lemma summable_on_pair_weight:
  assumes "1 < r"
  shows "pair_weight r summable_on UNIV"
proof -
  let ?f = "\<lambda>n::int. \<bar>real_of_int n\<bar> powr (- r)"
  have "pair_weight r summable_on Sigma UNIV (\<lambda>_. UNIV)"
  proof (rule summable_on_SigmaI[where g = "\<lambda>m. ?f m * (\<Sum>\<^sub>\<infinity>n. ?f n)"])
    show "((\<lambda>n. pair_weight r (m, n)) has_sum ?f m * (\<Sum>\<^sub>\<infinity>n. ?f n)) UNIV" for m
      unfolding pair_weight_def fst_conv snd_conv
      using summable_on_abs_int_powr[OF assms] by (intro has_sum_cmult_right) auto
    show "(\<lambda>m. ?f m * (\<Sum>\<^sub>\<infinity>n. ?f n)) summable_on UNIV"
      using summable_on_abs_int_powr[OF assms] by (rule summable_on_cmult_left)
  qed (simp add: pair_weight_def)
  then show ?thesis by simp
qed

lemma summable_on_comp_inj_on:
  fixes f :: "'b \<Rightarrow> 'c::banach"
  assumes "f summable_on UNIV" "inj_on \<phi> A"
  shows "(f \<circ> \<phi>) summable_on A"
  using summable_on_subset_banach[OF assms(1)] summable_on_reindex[OF assms(2)] by blast
definition asym_unit :: "nat \<Rightarrow> nat \<Rightarrow> nat \<Rightarrow> complex mat" where
  "asym_unit n p q = mono_mat n (id(p := q, q := p)) (\<lambda>i. if i = p then \<i> else if i = q then -\<i> else 0)"

definition diag_unit :: "nat \<Rightarrow> nat \<Rightarrow> nat \<Rightarrow> complex mat" where
  "diag_unit n p q = mono_mat n id (\<lambda>i. if i = p then 1 else if i = q then -1 else 0)"

lemma agrees_on_all_but_iff:
  assumes "p < 2 ^ N" "i < 2 ^ N" "b < N"
  shows "agrees_on ({..<N} - {b}) p i \<longleftrightarrow> i = p \<or> i = flip_bit b p"
proof -
  have "agrees_on ({..<N} - {b}) p i \<longleftrightarrow> (\<forall>m. m \<noteq> b \<longrightarrow> bit p m = bit i m)"
    unfolding agrees_on_def using bit_less_of_less_power assms(1,2) by auto
  also have "\<dots> \<longleftrightarrow> i = p \<or> i = flip_bit b p"
    using eq_iff_bits_eq_except[of i p b] eq_flip_bit_iff[of i b p] by auto
  finally show ?thesis .
qed
(* Let $d\le n'\le n$ be integers. There exist hypergraphs $H=(V,E)$ with $|V|=n$, all edges of size $d$, and $|E|=\binom{n'}{d}$, such that every non-adaptive generalized group testing solution for $H$ has size $\Omega\!\left(\min\{n',\, d\log|E|/\log d\}\right)=\Omega\!\left(\min\{n',\, d^2\log n'/\log d\}\right)$.
   Context: A set $T\subseteq V$ (a "test") separates two sets $A,B\subseteq V$ if exactly one of $A\cap T$, $B\cap T$ is empty. A non-adaptive generalized group testing solution for a hypergraph $H=(V,E)$ is a family $\mathcal{T}$ of subsets of $V$ such that for every two distinct $A,B\in E$ some $T\in\mathcal{T}$ separates $A$ and $B$. The $\Omega(\cdot)$ hides an absolute constant. *)

theory Defs
  imports Complex_Main
begin

definition separates :: "'a set \<Rightarrow> 'a set \<Rightarrow> 'a set \<Rightarrow> bool" where
  "separates T A B \<longleftrightarrow> ((A \<inter> T = {}) \<noteq> (B \<inter> T = {}))"

definition ngt_solution :: "'a set \<Rightarrow> 'a set set \<Rightarrow> 'a set set \<Rightarrow> bool" where
  "ngt_solution V E \<T> \<longleftrightarrow> (\<forall>T\<in>\<T>. T \<subseteq> V) \<and>
     (\<forall>A\<in>E. \<forall>B\<in>E. A \<noteq> B \<longrightarrow> (\<exists>T\<in>\<T>. separates T A B))"

end

theory Submission
  imports Defs
begin

(* Take E to be all d-subsets of an n'-set U, and let r = (d - 1) div 2 and C = r (r + 1) / 2.
   Call a point z of U covered if every test containing z also contains one of some r other
   points. Two distinct covered points x, y cannot exist: a (d - 1)-set S avoiding x and y and
   containing the witnesses of both gives edges S + x and S + y that no test separates. Hence the
   tests containing the remaining points form an r-cover-free family of subsets of the t tests.
   The classical bound for such families (peel off a member with more than s k elements; once all
   members are smaller, each has a private subset of at most k elements) gives
   n' / 2 <= (e t / k)^k <= (e C)^k for the least k with t <= k C. If k = 1 this says t = Omega(n');
   otherwise k C <= 2 t, so t = Omega(C log n' / log C) = Omega(d^2 log n' / log d). Since
   log |E| <= d log n', this is the claim; for d = 2 the counting bound |E| <= 2^t suffices. *)

definition cover_free :: "nat \<Rightarrow> 'i set \<Rightarrow> ('i \<Rightarrow> 'x set) \<Rightarrow> bool" where
  "cover_free s I F \<longleftrightarrow> (\<forall>i\<in>I. \<forall>J \<subseteq> I - {i}. card J \<le> s \<longrightarrow> \<not> F i \<subseteq> \<Union>(F ` J))"
lemma ex_falso:
  assumes "wf n \<phi>" and "wf n \<psi>"
  shows "deriv n \<Sigma> (Imp (sneg n \<phi>) (Imp \<phi> \<psi>))"
proof -
  have "deriv n {\<phi>, sneg n \<phi>} \<psi>"
    by (rule reductio[of _ \<psi> \<phi>, OF deriv_K[OF deriv.Hyp] deriv_K[OF deriv.Hyp]]) (simp_all add: assms)
  then show ?thesis
    using assms n_pos by (simp add: deduction deduction_closed)
qed

lemma contrapos:
  assumes "wf n \<phi>" and "wf n \<psi>"
  shows "deriv n \<Sigma> (Imp (Imp \<phi> \<psi>) (Imp (sneg n \<psi>) (sneg n \<phi>)))"
proof -
  let ?\<Gamma> = "{sneg n \<psi>, Imp \<phi> \<psi>}"
  have "deriv n (insert (sneg n (sneg n \<phi>)) ?\<Gamma>) \<psi>"
    by (rule deriv.MP[OF deriv.MP[OF deriv.Hyp double_neg_elim[of \<phi>]] deriv.Hyp]) (simp_all add: assms)
  then have "deriv n ?\<Gamma> (Imp (sneg n (sneg n \<phi>)) \<psi>)"
    using assms n_pos by (simp add: deduction)
  with deriv_K[OF deriv.Hyp] have "deriv n ?\<Gamma> (sneg n \<phi>)"
    by (rule reductio) (simp_all add: assms)
  then show ?thesis
    using assms n_pos by (simp add: deduction deduction_closed)
qed

lemma imp_sneg:
  assumes "wf n \<phi>" and "wf n \<psi>"
  shows "deriv n \<Sigma> (Imp \<phi> (Imp (sneg n \<psi>) (sneg n (Imp \<phi> \<psi>))))"
proof -
  let ?\<Gamma> = "{sneg n \<psi>, \<phi>}"
  have "deriv n (insert (sneg n (sneg n (Imp \<phi> \<psi>))) ?\<Gamma>) \<psi>"
    by (rule deriv.MP[OF deriv.Hyp[where \<phi> = \<phi>]
          deriv.MP[OF deriv.Hyp double_neg_elim[of "Imp \<phi> \<psi>"]]])
      (simp_all add: assms)
  then have "deriv n ?\<Gamma> (Imp (sneg n (sneg n (Imp \<phi> \<psi>))) \<psi>)"
    using assms n_pos by (simp add: deduction)
  with deriv_K[OF deriv.Hyp] have "deriv n ?\<Gamma> (sneg n (Imp \<phi> \<psi>))"
    by (rule reductio) (simp_all add: assms)
  then show ?thesis
    using assms n_pos by (simp add: deduction deduction_closed)
qed

lemma case_split:
  assumes "wf n \<phi>" and "wf n \<psi>"
  shows "deriv n \<Sigma> (Imp (Imp \<phi> \<psi>) (Imp (Imp (sneg n \<phi>) \<psi>) \<psi>))"
proof -
  let ?\<Gamma> = "{Imp (sneg n \<phi>) \<psi>, Imp \<phi> \<psi>}"
  let ?\<Delta> = "insert (sneg n \<psi>) ?\<Gamma>"
  have "deriv n ?\<Delta> (sneg n \<psi>)"
    by (simp add: deriv.Hyp)
  moreover have "deriv n ?\<Delta> (Imp (sneg n \<psi>) (sneg n (sneg n \<phi>)))"
    by (rule deriv.MP[OF deriv.Hyp contrapos]) (simp_all add: assms)
  ultimately have "deriv n ?\<Delta> (sneg n (sneg n \<phi>))"
    by (rule deriv.MP)
  then have "deriv n ?\<Delta> \<phi>"
    by (rule deriv.MP[OF _ double_neg_elim]) (simp add: assms)
  then have "deriv n ?\<Gamma> (Imp (sneg n \<psi>) \<phi>)"
    using assms n_pos by (simp add: deduction)
  with deriv.MP[OF deriv.Hyp contrapos] have "deriv n ?\<Gamma> \<psi>"
    by (rule reductio) (simp_all add: assms)
  then show ?thesis
    using assms n_pos by (simp add: deduction deduction_closed)
qed

primrec embed :: "pform \<Rightarrow> form" where
  "embed (Atom \<phi>) = \<phi>"
| "embed (PImp p q) = Imp (embed p) (embed q)"
| "embed (PNot p) = sneg n (embed p)"

lemma embed_PIff [simp]: "embed (PIff p q) = iff n (embed p) (embed q)"
  by (simp add: PIff_def iff_def conj_def)

definition signed :: "bool \<Rightarrow> form \<Rightarrow> form" where
  "signed b \<phi> = (if b then \<phi> else sneg n \<phi>)"

lemma wf_embed: "\<forall>\<phi>\<in>atoms p. wf n \<phi> \<Longrightarrow> wf n (embed p)"
  by (induction p) auto

lemma kalmar:
  assumes "\<forall>\<phi>\<in>atoms p. wf n \<phi>" and "\<forall>\<phi>\<in>atoms p. signed (v \<phi>) \<phi> \<in> \<Sigma>"
  shows "deriv n \<Sigma> (signed (peval v p) (embed p))"
  using assms
proof (induction p)
  case (Atom \<phi>)
  then show ?case by (simp add: deriv.Hyp)
next
  case (PNot p)
  then have "deriv n \<Sigma> (signed (peval v p) (embed p))" and "wf n (embed p)"
    by (simp_all add: wf_embed)
  then show ?case
    by (cases "peval v p") (auto simp: signed_def intro: deriv.MP[OF _ double_neg_intro])
next
  case (PImp p q)
  then have p: "deriv n \<Sigma> (signed (peval v p) (embed p))" and "wf n (embed p)"
    and q: "deriv n \<Sigma> (signed (peval v q) (embed q))" and "wf n (embed q)"
    by (simp_all add: wf_embed)
  consider "peval v q" | "\<not> peval v p" | "peval v p" "\<not> peval v q"
    by blast
  then show ?case
  proof cases
    case 1
    with q show ?thesis
      by (simp add: signed_def deriv_K \<open>wf n (embed p)\<close> \<open>wf n (embed q)\<close>)
  next
    case 2
    with p show ?thesis
      by (auto simp: signed_def \<open>wf n (embed p)\<close> \<open>wf n (embed q)\<close>
          intro: deriv.MP[OF _ ex_falso])
  next
    case 3
    with p q show ?thesis
      by (auto simp: signed_def \<open>wf n (embed p)\<close> \<open>wf n (embed q)\<close>
          intro: deriv.MP[OF _ deriv.MP[OF _ imp_sneg]])
  qed
qed

lemma tautology_from_signed_atoms:
  assumes "finite A" and "A \<subseteq> atoms p" and "\<forall>\<phi>\<in>atoms p. wf n \<phi>" and "\<forall>v. peval v p"
  shows "deriv n ((\<lambda>\<phi>. signed (v \<phi>) \<phi>) ` (atoms p - A)) (embed p)"
  using assms(1,2)
proof (induction A arbitrary: v rule: finite_induct)
  case empty
  show ?case
    using kalmar[OF assms(3), of v] assms(4) by (simp add: signed_def)
next
  case (insert \<chi> A)
  let ?\<Gamma> = "(\<lambda>\<phi>. signed (v \<phi>) \<phi>) ` (atoms p - insert \<chi> A)"
  have \<chi>: "\<chi> \<in> atoms p" "\<chi> \<notin> A" and "wf n \<chi>"
    using insert assms(3) by auto
  have "wf n (embed p)"
    using assms(3) by (rule wf_embed)
  have \<Gamma>: "\<forall>\<phi>\<in>?\<Gamma>. wf n \<phi>"
    using assms(3) by (auto simp: signed_def)
  have split: "atoms p - A = insert \<chi> (atoms p - insert \<chi> A)"
    using \<chi> by auto
  have "deriv n (insert (signed b \<chi>) ?\<Gamma>) (embed p)" for b
  proof -
    have "(\<lambda>\<phi>. signed ((v(\<chi> := b)) \<phi>) \<phi>) ` (atoms p - A) = insert (signed b \<chi>) ?\<Gamma>"
      unfolding split using \<chi> by (auto simp: image_iff)
    then show ?thesis
      using insert.IH[of "v(\<chi> := b)"] insert.prems by auto
  qed
  from this[of True] this[of False]
  have "deriv n (insert \<chi> ?\<Gamma>) (embed p)" and "deriv n (insert (sneg n \<chi>) ?\<Gamma>) (embed p)"
    by (simp_all only: signed_def if_True if_False)
  then have "deriv n ?\<Gamma> (Imp \<chi> (embed p))" and "deriv n ?\<Gamma> (Imp (sneg n \<chi>) (embed p))"
    using \<Gamma> \<open>wf n \<chi>\<close> n_pos by (simp_all add: deduction)
  with case_split[OF \<open>wf n \<chi>\<close> \<open>wf n (embed p)\<close>] show ?case
    by (meson deriv.MP)
qed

##########

As you read the records above, find each line that contains "infinity" and copy it.

Your response:
  proof (rule summable_on_SigmaI[where g = "\<lambda>m. ?f m * (\<Sum>\<^sub>\<infinity>n. ?f n)"])
    show "((\<lambda>n. pair_weight r (m, n)) has_sum ?f m * (\<Sum>\<^sub>\<infinity>n. ?f n)) UNIV" for m
    show "(\<lambda>m. ?f m * (\<Sum>\<^sub>\<infinity>n. ?f n)) summable_on UNIV"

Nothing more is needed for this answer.